I have been thinking about how to sublate the lower petty-bourgeoisie into the movement of the proletariat. I think it would be cool for a bunch of workers in a worker's state to make a worker cooperative as a startup, make it big and then sell the cooperative off to the worker's state. As long as the land and the banks are owned by the state anyway, the worker cooperative would be financed and largely owned by the people indirectly anyhow.

But in terms of pre-revolution, worker cooperatives may help educate the workers who are part of it, and cooperatives can help ease the transition of class suicide for petty-bourgeois and labor aristocracy class traitors.

There's a bit of a trouble for educating the workers compared to unions due to the class situation and nature of ownership. But I think it would be less harmful for a small business owner to create a cooperative than to go out of business during an economic bust and with unexpected declassing become a reactionary blaming their debt on minorities.

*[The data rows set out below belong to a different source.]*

lemma integral_virtual_iter_Suc_le:
  assumes "\<beta> * \<gamma> t \<ge> 0"
  shows "(\<integral>\<omega>. (norm (virtual_iter t (Suc k) \<omega> - ws))\<^sup>2 \<partial>M)
    \<le> (1 - \<mu> * (\<beta> * \<gamma> t)) * (\<integral>\<omega>. (norm (virtual_iter t k \<omega> - ws))\<^sup>2 \<partial>M)
      + 2 * (\<beta> * \<gamma> t) * L * (\<integral>\<omega>. dispersion t k \<omega> \<partial>M) + (\<beta> * \<gamma> t)\<^sup>2 * G\<^sup>2"
proof -
  define \<eta> where "\<eta> = \<beta> * \<gamma> t"
  define d where "d \<omega> = virtual_iter t k \<omega> - ws" for \<omega>
  define avg_grad where "avg_grad \<omega> = (\<Sum>i\<in>UNIV. pw p i *\<^sub>R sample_grad t k i \<omega>)" for \<omega>
  define cross where "cross = (\<Sum>i\<in>UNIV. pw p i * (\<integral>\<omega>. d \<omega> \<bullet> sample_grad t k i \<omega> \<partial>M))"
  have d_sq: "square_integrable M d"
    unfolding d_def[abs_def] by (intro square_integrable_diff virtual_iter_square_integrable square_integrable_const)
  have grad_sq: "square_integrable M avg_grad"
    unfolding avg_grad_def[abs_def] by (intro square_integrable_sum square_integrable_scaleR sample_grad_square_integrable)
  have "(norm (virtual_iter t (Suc k) \<omega> - ws))\<^sup>2
      = (norm (d \<omega>))\<^sup>2 - 2 * \<eta> * (\<Sum>i\<in>UNIV. pw p i * (d \<omega> \<bullet> sample_grad t k i \<omega>)) + \<eta>\<^sup>2 * (norm (avg_grad \<omega>))\<^sup>2" for \<omega>
  proof -
    have "virtual_iter t (Suc k) \<omega> - ws = d \<omega> - \<eta> *\<^sub>R avg_grad \<omega>"
      by (simp add: virtual_iter_Suc d_def avg_grad_def \<eta>_def)
    then show ?thesis
      by (simp add: norm_diff_square avg_grad_def inner_sum_right power_mult_distrib sum_distrib_left mult_ac)
  qed
  then have expectation_expand: "(\<integral>\<omega>. (norm (virtual_iter t (Suc k) \<omega> - ws))\<^sup>2 \<partial>M)
      = (\<integral>\<omega>. (norm (d \<omega>))\<^sup>2 \<partial>M) - 2 * \<eta> * cross + \<eta>\<^sup>2 * (\<integral>\<omega>. (norm (avg_grad \<omega>))\<^sup>2 \<partial>M)"
    unfolding cross_def using square_integrable_norm_square[OF d_sq] square_integrable_norm_square[OF grad_sq]
      square_integrable_inner[OF d_sq sample_grad_square_integrable]
    by (simp add: Bochner_Integration.integral_sum integrable_sum)
  have "2 * \<eta> * (\<mu> / 2 * (\<integral>\<omega>. (norm (d \<omega>))\<^sup>2 \<partial>M) - L * (\<integral>\<omega>. dispersion t k \<omega> \<partial>M)) \<le> 2 * \<eta> * cross"
    using integral_weighted_inner_sample_grad_ge[of t k] assms
    unfolding \<eta>_def cross_def d_def by (intro mult_left_mono) simp_all
  moreover have "\<eta>\<^sup>2 * (\<integral>\<omega>. (norm (avg_grad \<omega>))\<^sup>2 \<partial>M) \<le> \<eta>\<^sup>2 * G\<^sup>2"
    unfolding avg_grad_def by (simp add: mult_left_mono integral_norm_weighted_sample_grad_le)
  ultimately show ?thesis
    unfolding expectation_expand \<eta>_def[symmetric] d_def[symmetric] by (simp add: algebra_simps)
qed

lemma integral_virtual_iter_E_le:
  assumes "\<beta> * \<gamma> t \<ge> 0" "\<beta> * \<mu> * \<gamma> t \<le> 1"
  shows "(\<integral>\<omega>. (norm (virtual_iter t E \<omega> - ws))\<^sup>2 \<partial>M)
    \<le> (1 - \<beta> * \<mu> * \<gamma> t) ^ E * (\<integral>\<omega>. (norm (avg_iter t \<omega> - ws))\<^sup>2 \<partial>M)
      + real E * (2 * (\<beta> * \<gamma> t) * L * dispersion_bound t + (\<beta> * \<gamma> t)\<^sup>2 * G\<^sup>2)"
proof -
  have "(\<integral>\<omega>. (norm (virtual_iter t (Suc k) \<omega> - ws))\<^sup>2 \<partial>M)
      \<le> (1 - \<beta> * \<mu> * \<gamma> t) * (\<integral>\<omega>. (norm (virtual_iter t k \<omega> - ws))\<^sup>2 \<partial>M)
        + (2 * (\<beta> * \<gamma> t) * L * dispersion_bound t + (\<beta> * \<gamma> t)\<^sup>2 * G\<^sup>2)" if "k < E" for k
  proof -
    have "2 * (\<beta> * \<gamma> t) * L * (\<integral>\<omega>. dispersion t k \<omega> \<partial>M) \<le> 2 * (\<beta> * \<gamma> t) * L * dispersion_bound t"
      using that assms L_nonneg by (intro mult_left_mono integral_dispersion_le) simp_all
    with integral_virtual_iter_Suc_le[OF assms(1), of k] show ?thesis by (simp add: algebra_simps)
  qed
  moreover have "0 \<le> \<mu> * (\<beta> * \<gamma> t)"
    using assms(1) \<mu>_nonneg by simp
  then have "0 \<le> 1 - \<beta> * \<mu> * \<gamma> t" "1 - \<beta> * \<mu> * \<gamma> t \<le> 1"
    using assms(2) by (simp_all add: mult_ac)
  moreover have "0 \<le> 2 * (\<beta> * \<gamma> t) * L * dispersion_bound t + (\<beta> * \<gamma> t)\<^sup>2 * G\<^sup>2"
    using assms L_nonneg dispersion_bound_nonneg by simp
  ultimately show ?thesis
    using linear_recurrence_bound[where a = "\<lambda>k. \<integral>\<omega>. (norm (virtual_iter t k \<omega> - ws))\<^sup>2 \<partial>M" and n = E and k = E]
    by (simp add: virtual_iter_0)
qed

lemma integral_avg_iter_Suc_le:
  assumes \<beta>: "0 < \<beta>" "\<beta> < 1" and \<gamma>: "0 \<le> \<gamma> t" "\<beta> * \<mu> * \<gamma> t \<le> 1"
  shows "(\<integral>\<omega>. (norm (avg_iter (Suc t) \<omega> - ws))\<^sup>2 \<partial>M)
    \<le> (1 - 1 / \<beta> + 1 / \<beta> * (1 - \<beta> * \<mu> * \<gamma> t) ^ E) * (\<integral>\<omega>. (norm (avg_iter t \<omega> - ws))\<^sup>2 \<partial>M)
      + (real E * (2 * \<gamma> t * L * dispersion_bound t + \<beta> * (\<gamma> t)\<^sup>2 * G\<^sup>2)
         + (1 - \<beta>) * (\<gamma> t)\<^sup>2 * (real E)\<^sup>2 * G\<^sup>2)"
proof -
  let ?X = "\<integral>\<omega>. (norm (avg_iter t \<omega> - ws))\<^sup>2 \<partial>M"
  have "square_integrable M (\<lambda>\<omega>. virtual_iter t E \<omega> - ws)" "square_integrable M (\<lambda>\<omega>. avg_iter t \<omega> - ws)"
      "square_integrable M (\<lambda>\<omega>. virtual_iter t E \<omega> - avg_iter t \<omega>)"
    by (intro square_integrable_diff virtual_iter_square_integrable avg_iter_square_integrable square_integrable_const)+
  then have expectation_eq: "(\<integral>\<omega>. (norm (avg_iter (Suc t) \<omega> - ws))\<^sup>2 \<partial>M)
      = 1 / \<beta> * (\<integral>\<omega>. (norm (virtual_iter t E \<omega> - ws))\<^sup>2 \<partial>M) + (1 - 1 / \<beta>) * ?X
        + (1 - \<beta>) / \<beta>\<^sup>2 * (\<integral>\<omega>. (norm (virtual_iter t E \<omega> - avg_iter t \<omega>))\<^sup>2 \<partial>M)"
    using \<beta> by (simp add: norm_avg_iter_Suc_minus_square square_integrable_norm_square)
  have "1 / \<beta> * (\<integral>\<omega>. (norm (virtual_iter t E \<omega> - ws))\<^sup>2 \<partial>M)
      \<le> 1 / \<beta> * ((1 - \<beta> * \<mu> * \<gamma> t) ^ E * ?X + real E * (2 * (\<beta> * \<gamma> t) * L * dispersion_bound t + (\<beta> * \<gamma> t)\<^sup>2 * G\<^sup>2))"
    using \<beta> \<gamma> by (intro mult_left_mono integral_virtual_iter_E_le) simp_all
  moreover have "(1 - \<beta>) / \<beta>\<^sup>2 * (\<integral>\<omega>. (norm (virtual_iter t E \<omega> - avg_iter t \<omega>))\<^sup>2 \<partial>M)
      \<le> (1 - \<beta>) / \<beta>\<^sup>2 * ((\<beta> * \<gamma> t)\<^sup>2 * (real E)\<^sup>2 * G\<^sup>2)"
    using \<beta> by (intro mult_left_mono integral_virtual_drift_le) simp
  moreover have "1 / \<beta> * ((1 - \<beta> * \<mu> * \<gamma> t) ^ E * ?X
        + real E * (2 * (\<beta> * \<gamma> t) * L * dispersion_bound t + (\<beta> * \<gamma> t)\<^sup>2 * G\<^sup>2))
      + (1 - 1 / \<beta>) * ?X + (1 - \<beta>) / \<beta>\<^sup>2 * ((\<beta> * \<gamma> t)\<^sup>2 * (real E)\<^sup>2 * G\<^sup>2)
      = (1 - 1 / \<beta> + 1 / \<beta> * (1 - \<beta> * \<mu> * \<gamma> t) ^ E) * ?X
        + (real E * (2 * \<gamma> t * L * dispersion_bound t + \<beta> * (\<gamma> t)\<^sup>2 * G\<^sup>2) + (1 - \<beta>) * (\<gamma> t)\<^sup>2 * (real E)\<^sup>2 * G\<^sup>2)"
    using \<beta> by (simp add: field_simps power2_eq_square)
  ultimately show ?thesis
    unfolding expectation_eq by linarith
qed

I think the trouble is where to focus the limited time and effort of the communists. It's not that cooperatives are bad necessarily, it's just that it's more helpful and important to focus elsewhere.

I do think some communists get weird about strata other than the proles proper such as the reserve pool of labor, lower petty bourgeoisie and the labor aristocracy. The foundation of the communist movement should be the proletariat but these other strata are not inherent enemies. There's not a fundamental antagonism of exploiter and exploited here.